If that’s the way things play out, Vaughn’s defense will no longer be the huge talking point it was in 2022. Playing his natural position, first base, would figure to prevent future winces any time the ball goes his way.

Then, though, the focus would increase dramatically on his bat. A White Sox lineup without Abreu would need to make up for an awful lot of production, and this is assuming that a group of players that failed dramatically to play up to their own potential can do so next season. Vaughn would figure to be among those who are expected to bear the most burden when it comes to making up for Abreu’s lost numbers.

That’s no easy task, as Abreu has produced at an All-Star level – and in some cases, an MVP level – for basically the entirety of his nearly decade-long career on the South Side. Good luck, Andrew.

Surely, the White Sox are confident in Vaughn’s ability to be a middle-of-the-order type bat, and pointing out his last-month struggles in each of his first two seasons was hardly a way of saying that he’s incapable of reaching the heights the team sees for him. But throwing him into the Abreu-deep end of the major league pool? That’s a big risk.

So too, though, might be making the supposed “safer” play and bringing Abreu back. In that case, the White Sox will still have a logjam on their hands, a glut of first-base/DH types who bring down the defense around the field. The idea, of course, was for all those players’ collective power to hide any defensive shortcomings. But that didn’t happen, and the team-wide power outage in 2022 saw Vaughn lead the team with a paltry 17 home runs.

If Abreu does return, the focus will stay on Vaughn’s outfield defense. Or it will force Jiménez to return to the field after he flourished as the everyday DH in the second half of the season, back to where he’s had trouble in the past, both defensively and when it came to staying healthy. With Cairo describing Jiménez as someone who can maybe play the outfield a couple days a week, perhaps there’d be a platoon on the horizon, with the defense not really improving.

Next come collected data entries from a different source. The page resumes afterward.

lemma row_sum_eq_on_equal_columns:
  assumes "T \<subseteq> {..<q}" "column q X i = column q X j"
  shows "row_sum X T i = row_sum X T j"
proof -
  have "{t\<in>T. X t i} = {t\<in>T. X t j}"
    using assms by (auto simp: column_def fun_eq_iff)
  then show ?thesis by (simp add: row_sum_def)
qed

lemma estimable_singleton_iff: "estimable n q X {i} \<longleftrightarrow> column q X i \<noteq> (\<lambda>_. False)"
proof -
  have "(\<exists>r\<in>row_space q X. r i) \<longleftrightarrow> (\<exists>t<q. X t i)"
  proof
    assume "\<exists>r\<in>row_space q X. r i"
    then obtain T where "T \<subseteq> {..<q}" "odd (card {t\<in>T. X t i})"
      by (auto simp: row_space_def row_sum_def)
    moreover from this(2) have "{t\<in>T. X t i} \<noteq> {}" by (intro notI) simp
    ultimately show "\<exists>t<q. X t i" by blast
  next
    assume "\<exists>t<q. X t i"
    then obtain t where "t < q" "X t i" by blast
    then have "row_sum X {t} \<in> row_space q X" "row_sum X {t} i"
      by (auto simp: row_space_def row_sum_singleton)
    then show "\<exists>r\<in>row_space q X. r i" by blast
  qed
  moreover have "finite {i}" by simp
  ultimately show ?thesis
    unfolding estimable_iff_odd_on_row_space[OF \<open>finite {i}\<close>] odd_card_filter_singleton
    by (simp add: column_def fun_eq_iff)
qed

lemma estimable_pair_iff:
  assumes "i \<noteq> j"
  shows "estimable n q X {i, j} \<longleftrightarrow> column q X i \<noteq> column q X j"
proof -
  have "(\<exists>r\<in>row_space q X. r i \<noteq> r j) \<longleftrightarrow> column q X i \<noteq> column q X j"
  proof
    assume "\<exists>r\<in>row_space q X. r i \<noteq> r j"
    then obtain T where "T \<subseteq> {..<q}" "row_sum X T i \<noteq> row_sum X T j"
      by (auto simp: row_space_def)
    then show "column q X i \<noteq> column q X j" using row_sum_eq_on_equal_columns by blast
  next
    assume "column q X i \<noteq> column q X j"
    then obtain t where "t < q" "X t i \<noteq> X t j" by (auto simp: column_def fun_eq_iff)
    then have "row_sum X {t} \<in> row_space q X" "row_sum X {t} i \<noteq> row_sum X {t} j"
      by (auto simp: row_space_def row_sum_singleton)
    then show "\<exists>r\<in>row_space q X. r i \<noteq> r j" by blast
  qed
  moreover have "finite {i, j}" by simp
  ultimately show ?thesis
    unfolding estimable_iff_odd_on_row_space[OF \<open>finite {i, j}\<close>] odd_card_filter_pair[OF assms] by blast
qed

definition matrix_of_columns :: "nat \<Rightarrow> (nat \<Rightarrow> nat \<Rightarrow> bool) \<Rightarrow> nat \<Rightarrow> nat \<Rightarrow> bool" where
  "matrix_of_columns n v = (\<lambda>t j. j < n \<and> v j t)"

lemma column_matrix_of_columns:
  assumes "j < n" "v j \<in> gf2_space q"
  shows "column q (matrix_of_columns n v) j = v j"
  using assms by (auto simp: column_def matrix_of_columns_def gf2_space_def fun_eq_iff not_le)

definition unit_vectors :: "nat \<Rightarrow> (nat \<Rightarrow> bool) set" where
  "unit_vectors q = (\<lambda>t s. s = t) ` {..<q}"

text \<open>For t in T, the column e_t makes the sum of the rows in T nonzero.\<close>

lemma blocked_design_matrix_of_columns:
  assumes "\<forall>j<n. v j \<in> gf2_space q" "unit_vectors q \<subseteq> v ` {..<n}"
  shows "blocked_design n q (matrix_of_columns n v)"
  unfolding blocked_design_def has_rank_q_def
proof (intro conjI allI impI)
  fix i
  show "matrix_of_columns n v i \<in> gf2_space n"
    by (simp add: matrix_of_columns_def gf2_space_def)
next
  fix T assume T: "T \<subseteq> {..<q}" and zero: "\<forall>j. \<not> row_sum (matrix_of_columns n v) T j"
  show "T = {}"
  proof (rule ccontr)
    assume "T \<noteq> {}"
    then obtain t where t: "t \<in> T" by blast
    then have "(\<lambda>s. s = t) \<in> v ` {..<n}" using T assms(2) by (auto simp: unit_vectors_def)
    then obtain j where j: "j < n" "v j = (\<lambda>s. s = t)" by auto
    then have "{i\<in>T. matrix_of_columns n v i j} = {t}"
      using t by (auto simp: matrix_of_columns_def)
    then have "row_sum (matrix_of_columns n v) T j" by (simp add: row_sum_def)
    then show False using zero by blast
  qed
qed

lemma gf2_space_eq_image_Pow: "gf2_space q = (\<lambda>A j. j \<in> A) ` Pow {..<q}"
proof -
  have "x \<in> (\<lambda>A j. j \<in> A) ` Pow {..<q}" if "x \<in> gf2_space q" for x
  proof
    show "x = (\<lambda>j. j \<in> {j. x j})" by simp
    show "{j. x j} \<in> Pow {..<q}" using that by (auto simp: gf2_space_def not_le)
  qed
  then show ?thesis by (auto simp: gf2_space_def)
qed

lemma finite_gf2_space: "finite (gf2_space q)"
  by (simp add: gf2_space_eq_image_Pow)

lemma card_gf2_space: "card (gf2_space q) = 2 ^ q"
proof -
  have "inj_on (\<lambda>A j. j \<in> A) (Pow {..<q})"
    by (auto simp: inj_on_def fun_eq_iff)
  then show ?thesis by (simp add: gf2_space_eq_image_Pow card_image card_Pow)
qed

definition nonzero_vectors :: "nat \<Rightarrow> (nat \<Rightarrow> bool) set" where
  "nonzero_vectors q = gf2_space q - {\<lambda>_. False}"

lemma card_nonzero_vectors: "card (nonzero_vectors q) = 2 ^ q - 1"
proof -
  have "(\<lambda>_. False) \<in> gf2_space q" by (simp add: gf2_space_def)
  then show ?thesis
    by (simp add: nonzero_vectors_def card_Diff_singleton finite_gf2_space card_gf2_space)
qed

lemma finite_nonzero_vectors: "finite (nonzero_vectors q)"
  by (simp add: nonzero_vectors_def finite_gf2_space)

lemma unit_vectors_subset_nonzero_vectors: "unit_vectors q \<subseteq> nonzero_vectors q"
  by (auto simp: unit_vectors_def nonzero_vectors_def gf2_space_def fun_eq_iff)

lemma card_unit_vectors: "card (unit_vectors q) = q"
proof -
  have "inj_on (\<lambda>t s. s = t) {..<q}" by (auto simp: inj_on_def fun_eq_iff)
  then show ?thesis by (simp add: unit_vectors_def card_image)
qed

definition proper_coloring :: "'a set \<Rightarrow> ('a \<Rightarrow> 'a \<Rightarrow> bool) \<Rightarrow> 'c set \<Rightarrow> ('a \<Rightarrow> 'c) \<Rightarrow> bool" where
  "proper_coloring V E C g \<longleftrightarrow> g ` V \<subseteq> C \<and> (\<forall>i\<in>V. \<forall>j\<in>V. E i j \<longrightarrow> g i \<noteq> g j)"

lemma proper_coloring_cong:
  "(\<And>i. i \<in> V \<Longrightarrow> g i = h i) \<Longrightarrow> proper_coloring V E C g \<longleftrightarrow> proper_coloring V E C h"
  by (simp add: proper_coloring_def image_def)

lemma proper_coloring_recolor:
  assumes "proper_coloring V E C g" "d \<in> C" "d \<notin> g ` V"
  shows "proper_coloring V E C (g(a := d))"
  using assms by (auto simp: proper_coloring_def)

lemma recolorable_vertex_exists:
  assumes "finite V" "finite D" "card D \<le> card V" "d \<in> D - g ` V"
  obtains a where "a \<in> V" "g a \<notin> D \<or> (\<exists>b\<in>V. b \<noteq> a \<and> g b = g a)"
proof (rule ccontr)
  assume "\<not> thesis"
  then have own_colour: "\<forall>a\<in>V. g a \<in> D \<and> (\<forall>b\<in>V. g b = g a \<longrightarrow> b = a)" using that by blast
  then have "inj_on g V" by (auto simp: inj_on_def)
  moreover have "g ` V \<subseteq> D - {d}" using own_colour assms(4) by auto
  ultimately have "card V \<le> card (D - {d})" using assms(2) by (metis card_image card_mono finite_Diff)
  moreover have "card D > 0" using assms(2,4) card_gt_0_iff by blast
  ultimately show False using assms by (simp add: card_Diff_singleton)
qed

text \<open>Among proper colourings, one using the most colours of D uses all of them.\<close>

lemma proper_coloring_covering:
  assumes "finite V" "finite D" "D \<subseteq> C" "card D \<le> card V" "proper_coloring V E C g0"
  obtains g where "proper_coloring V E C g" "D \<subseteq> g ` V"
proof -
  have "card (D \<inter> h ` V) < Suc (card D)" for h :: "'a \<Rightarrow> 'b"
    using assms(2) by (simp add: card_mono le_imp_less_Suc)
  then obtain g where g: "proper_coloring V E C g"
    and max: "\<And>h. proper_coloring V E C h \<Longrightarrow> card (D \<inter> h ` V) \<le> card (D \<inter> g ` V)"
    using ex_has_greatest_nat[of "proper_coloring V E C" g0 "\<lambda>h. card (D \<inter> h ` V)"] assms(5)
    by blast
  have "d \<in> g ` V" if d: "d \<in> D" for d
  proof (rule ccontr)
    assume unused: "d \<notin> g ` V"
    obtain a where a: "a \<in> V" "g a \<notin> D \<or> (\<exists>b\<in>V. b \<noteq> a \<and> g b = g a)"
      using recolorable_vertex_exists[OF assms(1,2,4)] d unused by blast
    let ?h = "g(a := d)"
    have "proper_coloring V E C ?h"
      using proper_coloring_recolor[OF g _ unused] d assms(3) by blast
    moreover have "insert d (D \<inter> g ` V) \<subseteq> D \<inter> ?h ` V"
    proof -
      have "g j \<in> ?h ` V" if j: "j \<in> V" "g j \<in> D" for j
      proof (cases "j = a")
        case True
        then obtain b where "b \<in> V" "b \<noteq> a" "g b = g j" using a j by blast
        then show ?thesis by (metis fun_upd_other image_eqI)
      next
        case False
        then show ?thesis using j by (metis fun_upd_other image_eqI)
      qed
      then show ?thesis using a d by auto
    qed
    then have "card (insert d (D \<inter> g ` V)) \<le> card (D \<inter> ?h ` V)"
      using assms(2) by (intro card_mono) auto
    then have "card (D \<inter> g ` V) < card (D \<inter> ?h ` V)"
      using unused assms(2) by simp
    ultimately show False using max by (meson leD)
  qed
  then show ?thesis using g that by blast
qed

And though Vaughn subbed in for Jiménez as the White Sox’ primary left fielder in 2021, and though he played almost the same number of times in left field as he did in right field in 2022, Pollock’s potential return on a $13 million player option would perhaps make for more playing time in right field for Vaughn. Though he figured to be the chief right fielder with Jiménez in left, Pollock ended up spending way more time in left than right this season.

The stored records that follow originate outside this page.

lemma has_bochner_integral_std_gaussian_vector_square:
  "has_bochner_integral (std_gaussian_vector n) (\<lambda>x. (\<Sum>i<n. b i * x i)\<^sup>2) (\<Sum>i<n. (b i)\<^sup>2)"
proof (induction n)
  case 0
  interpret prob_space "std_gaussian_vector 0" by (rule prob_space_std_gaussian_vector)
  show ?case using has_bochner_integral_const_prob[of 0] by simp
next
  case (Suc n)
  interpret prob_space "std_gaussian_vector n" by (rule prob_space_std_gaussian_vector)
  let ?S = "\<lambda>x. \<Sum>i<n. b i * x i"
  have "(\<integral>\<^sup>+ x. ennreal ((\<Sum>i<Suc n. b i * x i)\<^sup>2) \<partial>std_gaussian_vector (Suc n))
      = (\<integral>\<^sup>+ x. ennreal ((?S x)\<^sup>2 + (b n)\<^sup>2) \<partial>std_gaussian_vector n)"
    by (subst nn_integral_std_gaussian_vector_Suc)
      (auto intro!: nn_integral_cong simp: sum_mult_fun_upd_last nn_integral_std_gaussian_shift_square)
  also have "\<dots> = ennreal ((\<Sum>i<n. (b i)\<^sup>2) + (b n)\<^sup>2)"
    using Suc.IH has_bochner_integral_const_prob
    by (intro nn_integral_eq_ennreal_if_has_bochner_integral has_bochner_integral_add) auto
  finally show ?case
    by (intro has_bochner_integral_nn_integral) (auto simp: sum_nonneg)
qed
(* Let $f:(0,\infty)\to[1,\infty)$ be nondecreasing and ${\bf C}_0:(0,\infty)\to(0,\infty)$ be monotonically increasing. For an integer $p\ge2$ and $\xi>0$ define $$ {\bf C}(p,\xi)=\frac{{\bf C}_0(\xi)}{2\left[1-(1-p^{-f(\xi)})^{e^{\xi}}\right](1-p^{-f(\xi)})^{e^{\xi}}},\qquad {\bf C}(p)=\min_{\xi>0}{\bf C}(p,\xi), $$ and assume that for all sufficiently large $p$ there is $\xi_0=\xi_0(p)>0$ solving $\xi_0=\log\left[-\frac{\log 2}{\log(1-p^{-f(\xi_0)})}\right]$. Then: (1) if $\lim_{\xi\to\infty}\frac{f(\xi)\log{\bf C}_0(\xi)}{\xi}=0$, then ${\bf C}(p)$ is subexponential or polynomial in $\log p$, i.e. $\lim_{p\to\infty}\frac{\log{\bf C}(p)}{\log p}=0$; (2) in particular, if ${\bf C}_0(\xi)$ is polynomially bounded in $\xi$ and $f(\xi)$ scales sublinearly (i.e. $f(\xi)\le K\xi^{\beta}$ for some constants $K>0$ and $0\le\beta<1$), then ${\bf C}(p)$ is bounded by a polynomial in $\log p$.
   Context: All logarithms are natural. "${\bf C}_0$ polynomially bounded" means ${\bf C}_0(\xi)\le K'\xi^{a}$ for some constants $K',a>0$ and all large $\xi$. *)

theory Defs
  imports "HOL-Analysis.Analysis"
begin

definition Cpx :: "(real \<Rightarrow> real) \<Rightarrow> (real \<Rightarrow> real) \<Rightarrow> nat \<Rightarrow> real \<Rightarrow> real" where
  "Cpx f C0 p \<xi> =
     C0 \<xi> / (2 * (1 - (1 - real p powr (- f \<xi>)) powr exp \<xi>)
              * (1 - real p powr (- f \<xi>)) powr exp \<xi>)"

text \<open>C(p) = min over xi > 0 of C(p,xi), rendered as the infimum.\<close>
definition Cp :: "(real \<Rightarrow> real) \<Rightarrow> (real \<Rightarrow> real) \<Rightarrow> nat \<Rightarrow> real" where
  "Cp f C0 p = (INF \<xi>\<in>{0<..}. Cpx f C0 p \<xi>)"

end

theory Submission
  imports Defs "HOL-Real_Asymp.Real_Asymp"
begin

text \<open>Write \<open>q = p powr - f \<xi>\<close> and \<open>u = (1 - q) powr exp \<xi>\<close>, so that
  \<open>Cpx f C0 p \<xi> = C0 \<xi> / (2 (1 - u) u)\<close>. As \<open>2 (1 - u) u \<le> 1/2\<close>, always
  \<open>Cpx f C0 p \<xi> \<ge> 2 C0 \<xi>\<close>, with equality at the balancing point \<open>\<xi>0\<close>, where \<open>u = 1/2\<close>.
  The bounds \<open>q \<le> - ln (1 - q) \<le> 2 q\<close> give \<open>ln p + O(1) \<le> \<xi>0 \<le> f \<xi>0 * ln p\<close>.
  Hence \<open>\<xi>0 \<rightarrow> \<infinity>\<close> and \<open>ln (Cp f C0 p) \<le> ln 2 + ln (C0 \<xi>0)\<close>, where
  \<open>ln (C0 \<xi>0) / ln p \<le> f \<xi>0 * ln (C0 \<xi>0) / \<xi>0\<close>; in the polynomial case
  \<open>\<xi>0 powr (1 - \<beta>) \<le> K ln p\<close> turns \<open>C0 \<xi>0 \<le> K' \<xi>0 powr a\<close> into a power of \<open>ln p\<close>.
  From below, \<open>Cp f C0 p \<ge> 2 inf C0\<close>, a constant.\<close>

lemma Cpx_ge:
  assumes "1 < real p" "0 < f \<xi>" "0 \<le> C0 \<xi>"
  shows "2 * C0 \<xi> \<le> Cpx f C0 p \<xi>"
proof -
  define u where "u = (1 - real p powr (- f \<xi>)) powr exp \<xi>"
  have "0 < real p powr (- f \<xi>)" "real p powr (- f \<xi>) < 1"
    using assms by (auto intro: powr_less_one)
  then have u: "0 < u" "u < 1" by (simp_all add: u_def powr01_less_one)
  have "2 * (1 - u) * u \<le> 1/2"
    using sum_squares_ge_zero[of "2*u-1" 0] by (simp add: algebra_simps power2_eq_square)
  then have "C0 \<xi> / (1/2) \<le> C0 \<xi> / (2 * (1 - u) * u)"
    using u assms(3) by (intro divide_left_mono) auto
  then show ?thesis by (simp add: Cpx_def u_def)
qed

lemma Cp_ge:
  assumes "1 < real p" and "\<forall>\<xi>>0. 0 < f \<xi>" and "\<forall>\<xi>>0. c \<le> C0 \<xi>" and "0 \<le> c"
  shows "2 * c \<le> Cp f C0 p"
  unfolding Cp_def
proof (rule cINF_greatest)
  fix \<xi> :: real assume "\<xi> \<in> {0<..}"
  with assms have "2 * c \<le> 2 * C0 \<xi>" "2 * C0 \<xi> \<le> Cpx f C0 p \<xi>"
    by (auto intro!: Cpx_ge)
  then show "2 * c \<le> Cpx f C0 p \<xi>" by linarith
qed auto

It’s all up in the air right now, and none of the options seem terribly great.

But as Hahn said during his end-of-season press conference, there’s an acknowledgement from the front office that Vaughn and the White Sox could benefit from getting him out of a spot he never played before becoming a big leaguer.

“Andrew, we talked last year how much was put on his plate given his development path, the pandemic and the position change,” Hahn said. “Certainly finding (Vaughn and fellow first-baseman-turned-outfielder Gavin Sheets) roles more suited to their natural skill set is one way to potentially get this team better and more advanced in (certain) areas.”

Will it mean better offensive numbers for the guy who was expected to put up big offensive numbers? That would obviously remain to be seen.

Nightengale could be right, and Vaughn might not be going anywhere this winter.

This conversation surrounding Vaughn isn’t going anywhere, either.